The sum $S = \tan(\theta_{11}) - \tan(\theta_0) = (2 - \sqrt{3}) - (-2 - \sqrt{3}) = 2 - \sqrt{3} + 2 + \sqrt{3} = 4$.

The expression inside the inverse tangent is $\frac{1}{4\sqrt{3}} \cdot S = \frac{1}{4\sqrt{3}} \cdot 4 = \frac{1}{\sqrt{3}}$.

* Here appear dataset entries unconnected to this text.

lemma no_limit_between_subset_underS:
  assumes "is_limit r l" "(\<gamma>, l) \<in> r"
  shows "{\<alpha> \<in> Field r. no_limit_between r \<gamma> \<alpha>} \<subseteq> underS l"
proof
  fix \<alpha> assume \<alpha>: "\<alpha> \<in> {\<alpha> \<in> Field r. no_limit_between r \<gamma> \<alpha>}"
  then have "(l, \<alpha>) \<notin> r" using assms unfolding no_limit_between_def by blast
  then have "strict_lt r \<alpha> l" using \<alpha> not_strict_lt_iff[of \<alpha> l] is_limit_Field[OF assms(1)] by blast
  then show "\<alpha> \<in> underS l" by (simp add: strict_lt_def underS_def)
qed

lemma least_no_limit_between_cases:
  assumes \<alpha>: "\<alpha> \<in> Field r" and \<gamma>: "\<gamma> \<in> Field r" "no_limit_between r \<gamma> \<alpha>"
    and least: "\<And>c. c \<in> Field r \<Longrightarrow> no_limit_between r c \<alpha> \<Longrightarrow> (\<gamma>, c) \<in> r"
  shows "\<gamma> = minim (Field r) \<or> \<gamma> \<in> succ_of_limits r"
proof (cases "\<exists>a. strict_lt r a \<gamma>")
  case False
  then have "\<gamma> = minim (Field r)"
    using \<gamma>(1) not_strict_lt_iff by (intro equals_minim) auto
  then show ?thesis ..
next
  case True
  consider (succ) \<delta> where "is_succ r \<delta> \<gamma>" | (limit) "is_limit r \<gamma>"
    using True \<gamma>(1) unfolding is_limit_def by blast
  then show ?thesis
  proof cases
    case succ
    then have "strict_lt r \<delta> \<gamma>" by (simp add: is_succ_def)
    then have "\<not> no_limit_between r \<delta> \<alpha>"
      using least[of \<delta>] strict_lt_asym[OF \<open>strict_lt r \<delta> \<gamma>\<close>]
        strict_lt_Field[OF \<open>strict_lt r \<delta> \<gamma>\<close>] by blast
    then obtain l where l: "is_limit r l" "(\<delta>, l) \<in> r" "(l, \<alpha>) \<in> r"
      unfolding no_limit_between_def by blast
    have "(\<gamma>, l) \<notin> r" using \<gamma>(2) l unfolding no_limit_between_def by blast
    then have "l = \<delta>" using succ l(2) unfolding is_succ_def strict_lt_def by blast
    then show ?thesis using succ l(1) unfolding succ_of_limits_def by blast
  next
    case limit
    have "(\<gamma>, \<alpha>) \<notin> r"
      using \<gamma> limit REFL unfolding no_limit_between_def refl_on_def by blast
    then have "strict_lt r \<alpha> \<gamma>" using not_strict_lt_iff[OF \<alpha> \<gamma>(1)] by blast
    moreover have "(\<gamma>, c) \<in> r" if "strict_lt r \<alpha> c" for c
      using least[of c] no_limit_between_if_strict_lt[OF that] strict_lt_Field[OF that] by blast
    ultimately have "is_succ r \<alpha> \<gamma>" unfolding is_succ_def by blast
    then show ?thesis using limit unfolding is_limit_def by blast
  qed
qed

lemma diag_union_subset_block_starts:
  defines "B \<equiv> insert (minim (Field r)) (succ_of_limits r)"
  shows "diag_union r (Field r) X \<subseteq>
    diag_union r B (\<lambda>\<gamma>. \<Union> (X ` {\<alpha> \<in> Field r. no_limit_between r \<gamma> \<alpha>})) \<union> B"
    (is "_ \<subseteq> diag_union r B ?Y \<union> B")
proof
  fix \<xi> assume "\<xi> \<in> diag_union r (Field r) X"
  then obtain \<alpha> where \<xi>: "\<xi> \<in> Field r" "strict_lt r \<alpha> \<xi>" "\<xi> \<in> X \<alpha>" and \<alpha>: "\<alpha> \<in> Field r"
    unfolding diag_union_def by blast
  let ?T = "{\<gamma> \<in> Field r. no_limit_between r \<gamma> \<alpha>}"
  define \<gamma> where "\<gamma> = minim ?T"
  have "\<xi> \<in> ?T" using \<xi> no_limit_between_if_strict_lt by blast
  have least: "\<And>c. c \<in> ?T \<Longrightarrow> (\<gamma>, c) \<in> r"
    unfolding \<gamma>_def by (rule minim_least) auto
  have "\<gamma> \<in> ?T" unfolding \<gamma>_def using \<open>\<xi> \<in> ?T\<close> by (intro minim_in) auto
  have "(\<gamma>, \<xi>) \<in> r" using least \<open>\<xi> \<in> ?T\<close> .
  have "\<gamma> \<in> B"
    using least_no_limit_between_cases[OF \<alpha>, of \<gamma>] \<open>\<gamma> \<in> ?T\<close> least unfolding B_def by blast
  have "\<xi> \<in> ?Y \<gamma>" using \<open>\<gamma> \<in> ?T\<close> \<alpha> \<xi>(3) by blast
  show "\<xi> \<in> diag_union r B ?Y \<union> B"
  proof (cases "\<gamma> = \<xi>")
    case True
    then show ?thesis using \<open>\<gamma> \<in> B\<close> by blast
  next
    case False
    then have "strict_lt r \<gamma> \<xi>" using \<open>(\<gamma>, \<xi>) \<in> r\<close> by (simp add: strict_lt_def)
    then show ?thesis using \<xi>(1) \<open>\<gamma> \<in> B\<close> \<open>\<xi> \<in> ?Y \<gamma>\<close> unfolding diag_union_def by blast
  qed
qed

end

lemma countable_ordLess_Card_order:
  assumes r: "Card_order r" and unc: "\<not> countable (Field r)" and A: "countable A"
  shows "|A| <o r"
proof -
  have "\<not> |Field r| \<le>o |A|" using countable_ordLeq[OF _ A] unc by blast
  then have "|A| <o |Field r|"
    using not_ordLeq_iff_ordLess[OF card_of_Well_order card_of_Well_order] by blast
  then show ?thesis using card_of_Field_ordIso[OF r] by (rule ordLess_ordIso_trans)
qed

lemma card_of_subset_underS:
  assumes "Card_order r" "a \<in> Field r" "A \<subseteq> underS r a"
  shows "|A| <o r"
  using card_of_mono1[OF assms(3)] card_of_underS[OF assms(1,2)] by (rule ordLeq_ordLess_trans)

lemma exists_limit_above:
  assumes r: "Card_order r" and unc: "\<not> countable (Field r)" and \<gamma>: "\<gamma> \<in> Field r"
  shows "\<exists>l. is_limit r l \<and> (\<gamma>, l) \<in> r"
proof (rule ccontr)
  assume no_limit: "\<not> (\<exists>l. is_limit r l \<and> (\<gamma>, l) \<in> r)"
  interpret wo_rel r using r card_order_on_well_order_on wo_rel_def by blast
  let ?S = "range (\<lambda>n. ((\<lambda>x. suc {x}) ^^ n) \<gamma>)"
  have "Field r \<subseteq> underS \<gamma> \<union> ?S"
  proof
    fix \<eta> assume \<eta>: "\<eta> \<in> Field r"
    show "\<eta> \<in> underS \<gamma> \<union> ?S"
    proof (cases "(\<gamma>, \<eta>) \<in> r")
      case True
      moreover have "no_limit_between r \<gamma> \<eta>" using no_limit by (auto simp: no_limit_between_def)
      ultimately show ?thesis using iterate_suc_if_no_limit_between by blast
    next
      case False
      then show ?thesis using not_strict_lt_iff[OF \<eta> \<gamma>] by (simp add: strict_lt_def underS_def)
    qed
  qed
  moreover have "|underS \<gamma> \<union> ?S| <o r"
  proof (rule card_of_Un_ordLess_infinite_Field[OF _ r])
    show "\<not> finite (Field r)" using unc countable_finite by blast
    show "|underS \<gamma>| <o r" using card_of_underS[OF r \<gamma>] .
    show "|?S| <o r" by (rule countable_ordLess_Card_order[OF r unc]) simp
  qed
  ultimately have "|Field r| <o r" by (rule ordLeq_ordLess_trans[OF card_of_mono1])
  then show False using not_ordLess_ordIso card_of_Field_ordIso[OF r] by blast
qed

lemma ideal_mono: "is_ideal r I \<Longrightarrow> X \<in> I \<Longrightarrow> Y \<subseteq> X \<Longrightarrow> Y \<in> I"
  unfolding is_ideal_def by metis

lemma ideal_Un: "is_ideal r I \<Longrightarrow> X \<in> I \<Longrightarrow> Y \<in> I \<Longrightarrow> X \<union> Y \<in> I"
  unfolding is_ideal_def by metis

lemma ideal_singleton: "is_ideal r I \<Longrightarrow> a \<in> Field r \<Longrightarrow> {a} \<in> I"
  unfolding is_ideal_def by metis

lemma ideal_UN_small:
  assumes "is_ideal r I" "|S| <o r" "\<And>a. a \<in> S \<Longrightarrow> X a \<in> I"
  shows "\<Union> (X ` S) \<in> I"
proof -
  have "|X ` S| <o r" using card_of_image assms(2) by (rule ordLeq_ordLess_trans)
  moreover have "X ` S \<subseteq> I" using assms(3) by blast
  ultimately show ?thesis using assms(1) unfolding is_ideal_def by metis
qed

lemma diag_union_subset_diag_union_Field: "diag_union r A X \<subseteq> diag_union r (Field r) X"
  by (auto simp: diag_union_def dest: strict_lt_Field)

lemma pleasant_if_normal:
  assumes "is_ideal r I" "normal_ideal r I"
  shows "pleasant_ideal r I"
  unfolding pleasant_ideal_def
proof (intro allI impI)
  fix A X assume "A \<in> I \<and> (\<forall>\<alpha>\<in>Field r. X \<alpha> \<in> I)"
  then have "diag_union r (Field r) X \<in> I" using assms(2) unfolding normal_ideal_def by simp
  then show "diag_union r A X \<in> I"
    using diag_union_subset_diag_union_Field by (rule ideal_mono[OF assms(1)])
qed

lemma succ_of_limits_in_if_normal:
  assumes "Well_order r" and I: "is_ideal r I" and normal: "normal_ideal r I"
  shows "succ_of_limits r \<in> I"
proof -
  interpret wo_rel r using assms(1) wo_rel_def by blast
  define X where "X \<alpha> = {b. is_limit r \<alpha> \<and> is_succ r \<alpha> b}" for \<alpha>
  have "X \<alpha> \<in> I" if \<alpha>: "\<alpha> \<in> Field r" for \<alpha>
  proof (cases "\<exists>b. is_succ r \<alpha> b")
    case True
    then obtain b where b: "is_succ r \<alpha> b" ..
    have "X \<alpha> \<subseteq> {b}" using is_succ_eq_suc[OF b] by (auto simp: X_def dest: is_succ_eq_suc)
    moreover have "b \<in> Field r" using b by (auto simp: is_succ_def dest: strict_lt_Field)
    ultimately show ?thesis by (intro ideal_mono[OF I ideal_singleton[OF I]])
  next
    case False
    then have "X \<alpha> \<subseteq> {\<alpha>}" by (simp add: X_def)
    then show ?thesis by (intro ideal_mono[OF I ideal_singleton[OF I \<alpha>]])
  qed
  then have "diag_union r (Field r) X \<in> I" using normal by (simp add: normal_ideal_def)
  moreover have "succ_of_limits r \<subseteq> diag_union r (Field r) X"
    by (auto simp: succ_of_limits_def diag_union_def X_def is_succ_def dest: strict_lt_Field)
  ultimately show ?thesis by (rule ideal_mono[OF I])
qed

lemma normal_if_pleasant:
  assumes r: "Card_order r" and unc: "\<not> countable (Field r)" and I: "is_ideal r I"
    and pleasant: "pleasant_ideal r I" and L: "succ_of_limits r \<in> I"
  shows "normal_ideal r I"
  unfolding normal_ideal_def
proof (intro allI impI)
  fix X assume X: "\<forall>\<alpha>\<in>Field r. X \<alpha> \<in> I"
  interpret wo_rel r using r card_order_on_well_order_on wo_rel_def by blast
  define Y where "Y \<gamma> = \<Union> (X ` {\<alpha> \<in> Field r. no_limit_between r \<gamma> \<alpha>})" for \<gamma>
  define B where "B = insert (minim (Field r)) (succ_of_limits r)"
  have Y: "Y \<gamma> \<in> I" if \<gamma>: "\<gamma> \<in> Field r" for \<gamma>
  proof -
    obtain l where l: "is_limit r l" "(\<gamma>, l) \<in> r" using exists_limit_above[OF r unc \<gamma>] by blast
    have "|{\<alpha> \<in> Field r. no_limit_between r \<gamma> \<alpha>}| <o r"
      by (rule card_of_subset_underS[OF r is_limit_Field[OF l(1)] no_limit_between_subset_underS[OF l]])
    then show ?thesis unfolding Y_def by (rule ideal_UN_small[OF I]) (use X in auto)
  qed
  have B: "B \<in> I"
  proof -
    have "Field r \<noteq> {}" using unc by force
    then have "{minim (Field r)} \<in> I" by (intro ideal_singleton[OF I] minim_inField) auto
    from ideal_Un[OF I this L] show ?thesis by (simp add: B_def)
  qed
  have "diag_union r B Y \<in> I"
    by (intro pleasant[unfolded pleasant_ideal_def, rule_format] conjI ballI B Y)
  then have "diag_union r B Y \<union> B \<in> I" using B by (rule ideal_Un[OF I])
  then show "diag_union r (Field r) X \<in> I"
    by (rule ideal_mono[OF I]) (unfold Y_def[abs_def] B_def, rule diag_union_subset_block_starts)
qed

We need to find the value of $\tan^{-1}(\frac{1}{\sqrt{3}})$ in the interval $(-\frac{\pi}{2}, \frac{\pi}{2})$. The principal value of $\tan^{-1}(\frac{1}{\sqrt{3}})$ is $\frac{\pi}{6}$. Since $-\frac{\pi}{2} < \frac{\pi}{6} < \frac{\pi}{2}$, the value is $\frac{\pi}{6}$.